┌─ Source information
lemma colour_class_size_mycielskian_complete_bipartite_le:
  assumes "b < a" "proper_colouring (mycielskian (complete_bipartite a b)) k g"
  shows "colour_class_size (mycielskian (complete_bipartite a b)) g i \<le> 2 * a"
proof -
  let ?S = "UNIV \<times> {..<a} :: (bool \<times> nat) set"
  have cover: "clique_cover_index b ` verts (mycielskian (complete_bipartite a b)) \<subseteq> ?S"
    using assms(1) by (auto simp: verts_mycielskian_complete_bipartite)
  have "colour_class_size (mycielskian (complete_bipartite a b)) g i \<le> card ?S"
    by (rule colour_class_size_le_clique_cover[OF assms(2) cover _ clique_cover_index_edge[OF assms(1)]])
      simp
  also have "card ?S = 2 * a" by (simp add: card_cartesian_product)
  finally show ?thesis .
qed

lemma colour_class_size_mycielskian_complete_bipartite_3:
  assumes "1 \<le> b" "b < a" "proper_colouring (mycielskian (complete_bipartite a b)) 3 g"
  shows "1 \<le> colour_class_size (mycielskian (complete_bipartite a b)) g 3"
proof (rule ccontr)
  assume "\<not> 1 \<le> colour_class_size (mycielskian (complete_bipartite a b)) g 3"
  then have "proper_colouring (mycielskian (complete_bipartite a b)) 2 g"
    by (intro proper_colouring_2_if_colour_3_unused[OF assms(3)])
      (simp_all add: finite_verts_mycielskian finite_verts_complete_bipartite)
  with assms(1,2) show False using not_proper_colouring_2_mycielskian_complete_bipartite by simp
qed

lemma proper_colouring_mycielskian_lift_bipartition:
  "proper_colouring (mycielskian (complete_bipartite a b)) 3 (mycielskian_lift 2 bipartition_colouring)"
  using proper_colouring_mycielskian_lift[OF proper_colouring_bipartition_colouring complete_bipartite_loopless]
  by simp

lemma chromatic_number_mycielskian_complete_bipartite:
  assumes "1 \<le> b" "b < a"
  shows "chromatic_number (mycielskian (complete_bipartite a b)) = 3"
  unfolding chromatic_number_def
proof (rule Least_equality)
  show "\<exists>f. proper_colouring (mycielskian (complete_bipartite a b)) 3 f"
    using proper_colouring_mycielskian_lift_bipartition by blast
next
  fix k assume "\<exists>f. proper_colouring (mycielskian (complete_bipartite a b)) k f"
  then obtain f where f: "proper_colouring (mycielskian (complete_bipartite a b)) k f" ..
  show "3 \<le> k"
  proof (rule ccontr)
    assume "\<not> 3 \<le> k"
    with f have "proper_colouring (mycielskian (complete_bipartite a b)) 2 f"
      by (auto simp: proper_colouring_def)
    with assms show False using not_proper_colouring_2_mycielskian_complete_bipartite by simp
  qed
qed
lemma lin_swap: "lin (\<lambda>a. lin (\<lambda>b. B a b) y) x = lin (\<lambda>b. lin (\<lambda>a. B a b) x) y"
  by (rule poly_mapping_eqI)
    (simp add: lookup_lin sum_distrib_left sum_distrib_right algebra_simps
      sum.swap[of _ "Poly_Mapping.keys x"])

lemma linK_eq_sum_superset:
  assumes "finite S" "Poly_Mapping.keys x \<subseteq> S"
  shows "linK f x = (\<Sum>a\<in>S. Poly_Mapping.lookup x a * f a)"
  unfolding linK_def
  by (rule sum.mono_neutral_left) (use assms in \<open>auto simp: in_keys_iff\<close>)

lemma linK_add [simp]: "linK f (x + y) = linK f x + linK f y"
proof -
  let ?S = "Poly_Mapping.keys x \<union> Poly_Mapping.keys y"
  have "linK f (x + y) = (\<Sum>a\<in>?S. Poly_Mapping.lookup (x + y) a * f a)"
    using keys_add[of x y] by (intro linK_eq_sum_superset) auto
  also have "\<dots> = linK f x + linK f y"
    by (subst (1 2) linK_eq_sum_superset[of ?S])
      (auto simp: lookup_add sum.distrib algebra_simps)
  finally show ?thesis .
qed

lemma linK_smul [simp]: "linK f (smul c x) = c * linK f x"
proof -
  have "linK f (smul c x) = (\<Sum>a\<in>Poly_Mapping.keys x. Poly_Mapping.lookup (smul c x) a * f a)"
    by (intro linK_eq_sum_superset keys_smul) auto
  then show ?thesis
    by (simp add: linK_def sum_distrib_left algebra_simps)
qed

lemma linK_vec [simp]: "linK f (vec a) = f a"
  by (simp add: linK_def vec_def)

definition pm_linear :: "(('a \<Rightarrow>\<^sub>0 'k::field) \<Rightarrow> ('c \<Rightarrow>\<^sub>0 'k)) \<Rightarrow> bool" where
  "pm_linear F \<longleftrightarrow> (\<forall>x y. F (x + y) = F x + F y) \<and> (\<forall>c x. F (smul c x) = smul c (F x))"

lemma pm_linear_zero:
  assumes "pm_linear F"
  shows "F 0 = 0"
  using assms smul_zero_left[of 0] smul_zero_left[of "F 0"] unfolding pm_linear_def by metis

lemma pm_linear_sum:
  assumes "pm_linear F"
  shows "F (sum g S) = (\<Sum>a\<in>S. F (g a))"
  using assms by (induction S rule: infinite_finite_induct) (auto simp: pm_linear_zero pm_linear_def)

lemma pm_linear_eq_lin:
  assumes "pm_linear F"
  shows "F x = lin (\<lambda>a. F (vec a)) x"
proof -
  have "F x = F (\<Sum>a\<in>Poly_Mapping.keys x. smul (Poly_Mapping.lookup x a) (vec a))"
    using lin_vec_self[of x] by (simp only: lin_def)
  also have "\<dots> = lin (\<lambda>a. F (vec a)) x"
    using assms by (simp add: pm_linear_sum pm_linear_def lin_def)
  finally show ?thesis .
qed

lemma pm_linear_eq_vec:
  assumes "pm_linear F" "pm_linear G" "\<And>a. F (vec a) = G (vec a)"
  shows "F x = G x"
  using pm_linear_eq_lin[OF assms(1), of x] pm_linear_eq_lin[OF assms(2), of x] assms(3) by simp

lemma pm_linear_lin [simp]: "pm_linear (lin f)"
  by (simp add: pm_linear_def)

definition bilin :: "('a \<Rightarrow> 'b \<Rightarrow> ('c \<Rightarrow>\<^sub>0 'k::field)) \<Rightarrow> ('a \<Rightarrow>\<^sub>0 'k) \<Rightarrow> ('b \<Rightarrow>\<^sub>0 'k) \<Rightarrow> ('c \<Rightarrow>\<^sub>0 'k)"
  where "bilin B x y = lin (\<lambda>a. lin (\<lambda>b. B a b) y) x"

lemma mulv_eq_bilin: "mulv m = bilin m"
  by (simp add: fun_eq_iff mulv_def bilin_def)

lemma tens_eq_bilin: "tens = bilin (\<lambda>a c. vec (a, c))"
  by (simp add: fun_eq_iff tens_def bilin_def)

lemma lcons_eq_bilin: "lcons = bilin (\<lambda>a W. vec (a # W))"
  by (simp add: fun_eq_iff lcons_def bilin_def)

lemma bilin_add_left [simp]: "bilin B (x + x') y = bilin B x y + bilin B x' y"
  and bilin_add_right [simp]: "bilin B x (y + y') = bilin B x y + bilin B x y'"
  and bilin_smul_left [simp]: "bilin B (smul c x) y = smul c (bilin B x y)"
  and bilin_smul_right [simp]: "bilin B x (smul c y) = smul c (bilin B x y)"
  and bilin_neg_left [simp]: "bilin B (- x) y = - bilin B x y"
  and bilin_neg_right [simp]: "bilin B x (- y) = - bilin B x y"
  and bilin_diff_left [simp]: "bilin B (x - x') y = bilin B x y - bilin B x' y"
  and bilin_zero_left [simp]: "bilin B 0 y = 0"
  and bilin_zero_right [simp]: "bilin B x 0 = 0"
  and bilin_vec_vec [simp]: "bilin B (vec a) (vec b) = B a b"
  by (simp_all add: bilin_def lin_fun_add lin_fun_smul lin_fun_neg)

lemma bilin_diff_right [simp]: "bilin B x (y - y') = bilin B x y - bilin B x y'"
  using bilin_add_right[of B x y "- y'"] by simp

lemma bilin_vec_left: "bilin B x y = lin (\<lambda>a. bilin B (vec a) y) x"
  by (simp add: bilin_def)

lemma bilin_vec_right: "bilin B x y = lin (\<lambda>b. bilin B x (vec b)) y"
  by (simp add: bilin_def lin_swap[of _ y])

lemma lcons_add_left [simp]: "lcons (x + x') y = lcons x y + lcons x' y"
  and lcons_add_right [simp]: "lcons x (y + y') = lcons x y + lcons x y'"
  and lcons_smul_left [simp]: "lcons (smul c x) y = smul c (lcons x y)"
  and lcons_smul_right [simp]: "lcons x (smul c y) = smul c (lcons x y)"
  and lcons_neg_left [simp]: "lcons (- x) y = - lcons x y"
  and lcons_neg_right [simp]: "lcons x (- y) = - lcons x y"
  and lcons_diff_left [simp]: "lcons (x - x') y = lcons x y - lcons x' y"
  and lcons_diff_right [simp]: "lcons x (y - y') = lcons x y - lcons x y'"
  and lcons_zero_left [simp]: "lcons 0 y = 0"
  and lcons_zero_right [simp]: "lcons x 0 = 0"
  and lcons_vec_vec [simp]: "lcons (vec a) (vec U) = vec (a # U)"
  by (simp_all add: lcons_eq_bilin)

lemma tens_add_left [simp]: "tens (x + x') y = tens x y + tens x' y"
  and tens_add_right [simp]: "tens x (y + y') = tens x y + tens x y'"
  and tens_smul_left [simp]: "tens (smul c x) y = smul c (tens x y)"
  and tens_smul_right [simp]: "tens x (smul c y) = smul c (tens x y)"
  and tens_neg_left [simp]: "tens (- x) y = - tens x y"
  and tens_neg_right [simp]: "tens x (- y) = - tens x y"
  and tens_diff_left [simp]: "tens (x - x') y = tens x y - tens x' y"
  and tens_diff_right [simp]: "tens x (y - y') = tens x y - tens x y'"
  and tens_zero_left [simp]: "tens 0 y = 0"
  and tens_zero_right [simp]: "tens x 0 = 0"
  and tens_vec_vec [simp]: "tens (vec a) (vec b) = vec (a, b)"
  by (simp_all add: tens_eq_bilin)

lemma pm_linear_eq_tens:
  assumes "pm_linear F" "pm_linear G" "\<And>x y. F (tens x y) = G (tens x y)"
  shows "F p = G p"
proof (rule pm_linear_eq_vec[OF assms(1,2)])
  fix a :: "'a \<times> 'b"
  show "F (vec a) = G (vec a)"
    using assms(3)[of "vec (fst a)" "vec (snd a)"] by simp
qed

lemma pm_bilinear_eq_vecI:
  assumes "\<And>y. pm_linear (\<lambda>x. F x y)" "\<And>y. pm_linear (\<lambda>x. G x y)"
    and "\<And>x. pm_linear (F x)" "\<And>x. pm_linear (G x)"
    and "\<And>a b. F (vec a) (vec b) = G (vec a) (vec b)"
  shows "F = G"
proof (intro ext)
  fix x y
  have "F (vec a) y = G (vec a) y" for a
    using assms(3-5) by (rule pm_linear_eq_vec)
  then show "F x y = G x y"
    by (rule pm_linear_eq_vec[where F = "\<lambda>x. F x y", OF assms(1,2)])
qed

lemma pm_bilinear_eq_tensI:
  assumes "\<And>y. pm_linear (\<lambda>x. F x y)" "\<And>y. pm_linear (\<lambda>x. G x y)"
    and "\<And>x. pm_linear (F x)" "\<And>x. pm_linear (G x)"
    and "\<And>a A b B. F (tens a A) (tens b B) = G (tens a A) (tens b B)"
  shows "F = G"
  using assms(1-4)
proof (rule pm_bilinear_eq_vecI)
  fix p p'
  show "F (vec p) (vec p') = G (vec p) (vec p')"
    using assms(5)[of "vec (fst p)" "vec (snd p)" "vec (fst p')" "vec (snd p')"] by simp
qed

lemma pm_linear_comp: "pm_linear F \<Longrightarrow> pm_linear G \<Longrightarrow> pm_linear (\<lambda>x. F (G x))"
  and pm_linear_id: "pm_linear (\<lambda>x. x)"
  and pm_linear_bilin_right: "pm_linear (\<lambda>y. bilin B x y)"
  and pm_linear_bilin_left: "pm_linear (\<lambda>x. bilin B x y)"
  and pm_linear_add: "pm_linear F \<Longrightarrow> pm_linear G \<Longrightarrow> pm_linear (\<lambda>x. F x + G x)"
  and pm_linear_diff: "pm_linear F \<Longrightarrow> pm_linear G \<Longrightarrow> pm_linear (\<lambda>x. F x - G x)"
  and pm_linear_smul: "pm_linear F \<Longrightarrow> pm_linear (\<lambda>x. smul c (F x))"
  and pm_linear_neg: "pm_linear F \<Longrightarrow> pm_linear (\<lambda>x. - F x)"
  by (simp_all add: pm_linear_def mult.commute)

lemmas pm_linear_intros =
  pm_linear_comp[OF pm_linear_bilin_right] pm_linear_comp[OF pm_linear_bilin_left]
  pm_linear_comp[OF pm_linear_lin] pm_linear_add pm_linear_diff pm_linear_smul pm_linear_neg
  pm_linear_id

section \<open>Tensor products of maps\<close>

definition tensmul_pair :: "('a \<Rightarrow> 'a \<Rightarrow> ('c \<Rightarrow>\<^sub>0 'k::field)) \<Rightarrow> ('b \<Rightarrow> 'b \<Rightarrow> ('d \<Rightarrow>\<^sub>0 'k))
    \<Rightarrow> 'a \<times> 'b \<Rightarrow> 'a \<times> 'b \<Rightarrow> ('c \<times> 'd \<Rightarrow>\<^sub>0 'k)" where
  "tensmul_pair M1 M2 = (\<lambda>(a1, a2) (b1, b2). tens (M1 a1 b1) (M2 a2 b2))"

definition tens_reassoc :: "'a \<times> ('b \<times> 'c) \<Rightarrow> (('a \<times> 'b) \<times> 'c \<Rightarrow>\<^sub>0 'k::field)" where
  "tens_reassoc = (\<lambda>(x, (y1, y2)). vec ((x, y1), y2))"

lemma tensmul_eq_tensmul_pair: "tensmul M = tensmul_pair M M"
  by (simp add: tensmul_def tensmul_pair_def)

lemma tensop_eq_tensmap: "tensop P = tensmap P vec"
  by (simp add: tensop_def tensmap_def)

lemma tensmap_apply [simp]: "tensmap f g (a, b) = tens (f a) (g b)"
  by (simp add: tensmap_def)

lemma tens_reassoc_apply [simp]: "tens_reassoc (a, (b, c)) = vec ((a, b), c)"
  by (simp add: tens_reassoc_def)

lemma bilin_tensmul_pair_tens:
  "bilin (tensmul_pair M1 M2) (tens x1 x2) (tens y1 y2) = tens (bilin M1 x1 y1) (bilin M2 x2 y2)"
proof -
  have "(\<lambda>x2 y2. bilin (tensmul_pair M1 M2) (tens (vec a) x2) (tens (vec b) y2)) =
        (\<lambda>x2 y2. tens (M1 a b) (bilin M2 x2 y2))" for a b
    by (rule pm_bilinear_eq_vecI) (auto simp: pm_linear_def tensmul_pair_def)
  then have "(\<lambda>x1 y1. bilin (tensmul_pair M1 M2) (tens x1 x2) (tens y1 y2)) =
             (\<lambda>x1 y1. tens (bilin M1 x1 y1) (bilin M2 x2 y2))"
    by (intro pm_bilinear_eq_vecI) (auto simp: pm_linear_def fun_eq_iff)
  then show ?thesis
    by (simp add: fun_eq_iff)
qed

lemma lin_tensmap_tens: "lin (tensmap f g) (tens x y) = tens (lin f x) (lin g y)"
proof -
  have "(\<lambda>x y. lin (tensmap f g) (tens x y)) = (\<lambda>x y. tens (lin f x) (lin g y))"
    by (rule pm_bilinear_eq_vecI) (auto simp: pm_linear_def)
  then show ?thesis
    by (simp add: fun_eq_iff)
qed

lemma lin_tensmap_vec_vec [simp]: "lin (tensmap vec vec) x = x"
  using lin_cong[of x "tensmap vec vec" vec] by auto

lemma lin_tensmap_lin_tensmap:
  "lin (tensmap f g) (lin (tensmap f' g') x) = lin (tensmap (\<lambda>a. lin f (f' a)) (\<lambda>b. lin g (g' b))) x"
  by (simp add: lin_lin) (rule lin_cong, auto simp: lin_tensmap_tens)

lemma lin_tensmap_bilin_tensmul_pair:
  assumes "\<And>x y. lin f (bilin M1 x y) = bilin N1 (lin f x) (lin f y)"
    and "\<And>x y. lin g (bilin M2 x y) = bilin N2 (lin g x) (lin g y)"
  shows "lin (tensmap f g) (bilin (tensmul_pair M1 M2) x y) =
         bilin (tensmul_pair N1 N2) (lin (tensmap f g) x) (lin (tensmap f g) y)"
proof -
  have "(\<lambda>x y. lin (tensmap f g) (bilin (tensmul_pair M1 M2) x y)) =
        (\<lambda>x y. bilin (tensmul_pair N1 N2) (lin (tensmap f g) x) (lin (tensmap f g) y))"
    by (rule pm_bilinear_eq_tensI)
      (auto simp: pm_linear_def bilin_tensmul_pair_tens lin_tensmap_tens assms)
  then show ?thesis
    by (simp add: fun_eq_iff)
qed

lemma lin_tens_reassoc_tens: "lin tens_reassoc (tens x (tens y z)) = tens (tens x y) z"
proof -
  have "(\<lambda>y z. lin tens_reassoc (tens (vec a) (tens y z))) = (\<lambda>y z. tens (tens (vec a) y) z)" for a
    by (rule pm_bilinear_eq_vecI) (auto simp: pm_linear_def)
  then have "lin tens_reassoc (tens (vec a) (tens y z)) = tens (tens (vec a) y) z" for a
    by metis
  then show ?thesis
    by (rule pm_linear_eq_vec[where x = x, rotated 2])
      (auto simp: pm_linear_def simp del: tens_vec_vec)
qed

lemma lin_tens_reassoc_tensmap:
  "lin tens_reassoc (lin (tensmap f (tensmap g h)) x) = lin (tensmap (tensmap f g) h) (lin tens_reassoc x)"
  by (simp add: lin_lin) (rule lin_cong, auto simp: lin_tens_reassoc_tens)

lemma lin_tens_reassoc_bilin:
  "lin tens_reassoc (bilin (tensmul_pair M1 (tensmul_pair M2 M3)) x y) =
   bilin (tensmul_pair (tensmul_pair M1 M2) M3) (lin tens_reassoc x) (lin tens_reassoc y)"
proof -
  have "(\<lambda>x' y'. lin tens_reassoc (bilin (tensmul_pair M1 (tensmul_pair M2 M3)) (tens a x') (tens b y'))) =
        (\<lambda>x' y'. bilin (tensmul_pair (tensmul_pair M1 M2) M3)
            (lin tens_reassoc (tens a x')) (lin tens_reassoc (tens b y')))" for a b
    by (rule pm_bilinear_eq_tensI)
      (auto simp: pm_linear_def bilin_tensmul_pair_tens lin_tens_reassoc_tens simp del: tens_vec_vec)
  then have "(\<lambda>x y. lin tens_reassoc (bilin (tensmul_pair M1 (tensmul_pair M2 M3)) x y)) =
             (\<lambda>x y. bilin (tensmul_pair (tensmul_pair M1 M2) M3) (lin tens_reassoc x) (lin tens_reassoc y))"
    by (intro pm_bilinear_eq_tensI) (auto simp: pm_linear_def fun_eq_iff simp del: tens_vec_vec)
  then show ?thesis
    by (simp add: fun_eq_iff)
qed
└─
Assignment >> Look back at the data above. Transcribe exactly the lines starting at the line that contains "(\<lambda>x. F x +" and ending at the line that contains "('d \<Rightarrow>\<^sub>0 'k))".

Answer below >>
  and pm_linear_add: "pm_linear F \<Longrightarrow> pm_linear G \<Longrightarrow> pm_linear (\<lambda>x. F x + G x)"
  and pm_linear_diff: "pm_linear F \<Longrightarrow> pm_linear G \<Longrightarrow> pm_linear (\<lambda>x. F x - G x)"
  and pm_linear_smul: "pm_linear F \<Longrightarrow> pm_linear (\<lambda>x. smul c (F x))"
  and pm_linear_neg: "pm_linear F \<Longrightarrow> pm_linear (\<lambda>x. - F x)"
  by (simp_all add: pm_linear_def mult.commute)

lemmas pm_linear_intros =
  pm_linear_comp[OF pm_linear_bilin_right] pm_linear_comp[OF pm_linear_bilin_left]
  pm_linear_comp[OF pm_linear_lin] pm_linear_add pm_linear_diff pm_linear_smul pm_linear_neg
  pm_linear_id

section \<open>Tensor products of maps\<close>

definition tensmul_pair :: "('a \<Rightarrow> 'a \<Rightarrow> ('c \<Rightarrow>\<^sub>0 'k::field)) \<Rightarrow> ('b \<Rightarrow> 'b \<Rightarrow> ('d \<Rightarrow>\<^sub>0 'k))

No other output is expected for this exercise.